*** DATA FOR REVIEW
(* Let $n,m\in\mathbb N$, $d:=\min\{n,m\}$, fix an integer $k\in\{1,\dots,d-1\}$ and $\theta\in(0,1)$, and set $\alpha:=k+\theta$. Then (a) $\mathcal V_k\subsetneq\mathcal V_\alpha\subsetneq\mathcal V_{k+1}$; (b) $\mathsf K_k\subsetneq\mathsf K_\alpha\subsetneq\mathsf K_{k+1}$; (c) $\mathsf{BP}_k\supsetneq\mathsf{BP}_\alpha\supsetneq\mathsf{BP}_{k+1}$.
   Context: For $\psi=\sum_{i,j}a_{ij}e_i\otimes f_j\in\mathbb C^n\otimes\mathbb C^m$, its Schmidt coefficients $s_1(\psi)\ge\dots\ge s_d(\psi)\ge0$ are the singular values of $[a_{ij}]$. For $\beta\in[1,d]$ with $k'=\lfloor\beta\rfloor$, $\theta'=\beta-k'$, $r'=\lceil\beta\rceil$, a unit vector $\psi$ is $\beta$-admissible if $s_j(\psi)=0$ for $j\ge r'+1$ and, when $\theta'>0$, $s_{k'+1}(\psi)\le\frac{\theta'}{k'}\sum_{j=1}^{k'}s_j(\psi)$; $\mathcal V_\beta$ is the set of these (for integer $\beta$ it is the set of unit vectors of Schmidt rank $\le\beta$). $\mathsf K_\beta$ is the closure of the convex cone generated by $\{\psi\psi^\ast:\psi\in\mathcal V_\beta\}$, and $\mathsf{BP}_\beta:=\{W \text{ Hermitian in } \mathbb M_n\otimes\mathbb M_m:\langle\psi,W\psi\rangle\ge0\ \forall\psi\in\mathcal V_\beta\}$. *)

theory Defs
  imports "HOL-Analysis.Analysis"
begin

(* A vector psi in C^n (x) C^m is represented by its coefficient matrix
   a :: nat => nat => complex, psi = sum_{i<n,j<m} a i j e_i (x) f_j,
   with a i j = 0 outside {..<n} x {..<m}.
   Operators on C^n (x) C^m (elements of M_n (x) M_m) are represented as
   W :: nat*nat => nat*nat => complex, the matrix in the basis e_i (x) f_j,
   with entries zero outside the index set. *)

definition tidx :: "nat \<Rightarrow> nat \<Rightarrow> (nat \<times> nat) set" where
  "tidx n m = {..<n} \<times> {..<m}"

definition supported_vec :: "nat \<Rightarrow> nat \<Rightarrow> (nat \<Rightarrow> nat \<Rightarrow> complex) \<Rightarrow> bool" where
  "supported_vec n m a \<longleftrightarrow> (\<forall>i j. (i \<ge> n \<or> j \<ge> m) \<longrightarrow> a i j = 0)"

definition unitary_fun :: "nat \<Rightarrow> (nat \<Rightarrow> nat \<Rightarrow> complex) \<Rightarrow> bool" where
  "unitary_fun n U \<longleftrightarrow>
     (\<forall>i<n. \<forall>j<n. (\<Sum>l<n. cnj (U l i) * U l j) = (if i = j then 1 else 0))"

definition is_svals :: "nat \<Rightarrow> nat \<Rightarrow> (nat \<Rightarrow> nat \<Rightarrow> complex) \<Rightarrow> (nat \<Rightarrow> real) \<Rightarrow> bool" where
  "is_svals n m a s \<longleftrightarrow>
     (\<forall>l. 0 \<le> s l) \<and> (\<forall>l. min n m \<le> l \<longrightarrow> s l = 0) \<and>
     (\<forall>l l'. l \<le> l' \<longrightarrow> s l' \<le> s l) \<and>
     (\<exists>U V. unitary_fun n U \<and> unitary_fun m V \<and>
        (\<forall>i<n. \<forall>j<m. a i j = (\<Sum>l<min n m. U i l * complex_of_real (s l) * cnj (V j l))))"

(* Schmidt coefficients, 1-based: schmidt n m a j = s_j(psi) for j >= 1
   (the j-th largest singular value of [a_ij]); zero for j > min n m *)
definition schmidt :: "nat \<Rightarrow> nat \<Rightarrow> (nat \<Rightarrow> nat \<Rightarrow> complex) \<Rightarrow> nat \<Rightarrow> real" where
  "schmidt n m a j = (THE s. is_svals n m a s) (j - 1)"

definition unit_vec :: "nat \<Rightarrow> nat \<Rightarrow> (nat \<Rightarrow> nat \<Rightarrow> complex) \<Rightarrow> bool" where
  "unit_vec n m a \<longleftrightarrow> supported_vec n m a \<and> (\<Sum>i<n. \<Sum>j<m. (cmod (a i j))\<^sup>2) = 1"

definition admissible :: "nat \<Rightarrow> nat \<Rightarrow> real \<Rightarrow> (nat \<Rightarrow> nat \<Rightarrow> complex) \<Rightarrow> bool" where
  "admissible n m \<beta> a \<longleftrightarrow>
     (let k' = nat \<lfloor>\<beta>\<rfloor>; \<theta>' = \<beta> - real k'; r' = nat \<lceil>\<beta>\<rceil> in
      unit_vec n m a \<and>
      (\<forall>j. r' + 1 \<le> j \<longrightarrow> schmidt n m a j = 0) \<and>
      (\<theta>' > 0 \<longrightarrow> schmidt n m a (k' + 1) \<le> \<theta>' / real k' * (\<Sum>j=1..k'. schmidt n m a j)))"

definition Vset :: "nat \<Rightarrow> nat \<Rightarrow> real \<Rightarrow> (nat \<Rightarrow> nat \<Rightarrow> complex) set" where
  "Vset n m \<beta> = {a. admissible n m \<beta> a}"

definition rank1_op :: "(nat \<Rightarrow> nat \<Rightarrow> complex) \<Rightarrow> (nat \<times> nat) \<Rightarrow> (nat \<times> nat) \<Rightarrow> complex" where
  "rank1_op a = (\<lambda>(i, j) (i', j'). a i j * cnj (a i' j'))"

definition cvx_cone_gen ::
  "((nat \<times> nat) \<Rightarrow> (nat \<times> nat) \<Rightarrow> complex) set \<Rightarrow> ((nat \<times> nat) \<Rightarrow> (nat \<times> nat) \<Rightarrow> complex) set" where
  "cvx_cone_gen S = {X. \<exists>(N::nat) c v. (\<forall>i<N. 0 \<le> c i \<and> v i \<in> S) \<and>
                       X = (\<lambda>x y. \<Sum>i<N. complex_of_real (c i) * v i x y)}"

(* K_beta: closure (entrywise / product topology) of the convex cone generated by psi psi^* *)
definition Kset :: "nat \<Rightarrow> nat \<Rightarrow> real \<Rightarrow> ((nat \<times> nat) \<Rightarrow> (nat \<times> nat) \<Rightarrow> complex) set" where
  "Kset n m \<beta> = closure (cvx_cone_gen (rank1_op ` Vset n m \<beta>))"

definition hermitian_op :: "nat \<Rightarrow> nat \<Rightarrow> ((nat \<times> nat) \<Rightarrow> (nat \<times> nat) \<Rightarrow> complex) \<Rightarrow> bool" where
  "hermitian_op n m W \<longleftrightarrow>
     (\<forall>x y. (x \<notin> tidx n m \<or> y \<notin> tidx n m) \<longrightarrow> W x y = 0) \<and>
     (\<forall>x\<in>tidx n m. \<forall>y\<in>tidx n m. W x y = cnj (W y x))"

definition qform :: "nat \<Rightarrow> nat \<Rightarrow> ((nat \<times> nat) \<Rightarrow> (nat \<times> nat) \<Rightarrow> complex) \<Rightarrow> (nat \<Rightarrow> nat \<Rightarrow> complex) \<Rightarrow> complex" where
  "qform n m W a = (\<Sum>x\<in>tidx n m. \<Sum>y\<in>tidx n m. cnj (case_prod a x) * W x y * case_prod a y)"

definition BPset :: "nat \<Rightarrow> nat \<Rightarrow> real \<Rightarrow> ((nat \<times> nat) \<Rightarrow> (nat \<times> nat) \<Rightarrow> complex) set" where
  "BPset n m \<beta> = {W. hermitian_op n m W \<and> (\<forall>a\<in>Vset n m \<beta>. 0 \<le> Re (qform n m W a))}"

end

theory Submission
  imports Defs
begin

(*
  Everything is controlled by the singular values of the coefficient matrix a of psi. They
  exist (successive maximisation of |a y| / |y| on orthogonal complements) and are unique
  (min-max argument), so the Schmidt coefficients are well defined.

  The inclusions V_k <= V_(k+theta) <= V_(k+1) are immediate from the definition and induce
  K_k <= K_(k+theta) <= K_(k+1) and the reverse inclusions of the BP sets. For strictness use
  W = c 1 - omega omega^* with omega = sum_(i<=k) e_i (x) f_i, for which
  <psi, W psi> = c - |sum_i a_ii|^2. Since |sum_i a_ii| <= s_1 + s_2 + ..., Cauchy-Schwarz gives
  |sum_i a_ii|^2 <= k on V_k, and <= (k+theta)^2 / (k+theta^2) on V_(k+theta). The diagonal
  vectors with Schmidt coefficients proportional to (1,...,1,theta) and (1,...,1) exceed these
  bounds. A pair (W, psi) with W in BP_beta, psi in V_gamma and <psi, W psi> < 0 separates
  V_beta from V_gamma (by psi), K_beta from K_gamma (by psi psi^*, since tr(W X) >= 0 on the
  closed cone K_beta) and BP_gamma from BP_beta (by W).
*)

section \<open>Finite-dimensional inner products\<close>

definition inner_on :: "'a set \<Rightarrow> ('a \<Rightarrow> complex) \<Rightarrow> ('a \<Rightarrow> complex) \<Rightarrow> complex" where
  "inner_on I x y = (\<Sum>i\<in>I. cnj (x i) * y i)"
******
▶ TASK DIRECTIONS
This exercise requires the number of lines in the entries holding the word "outside", written alone.

▶ RESPONSE TO THE TASK
2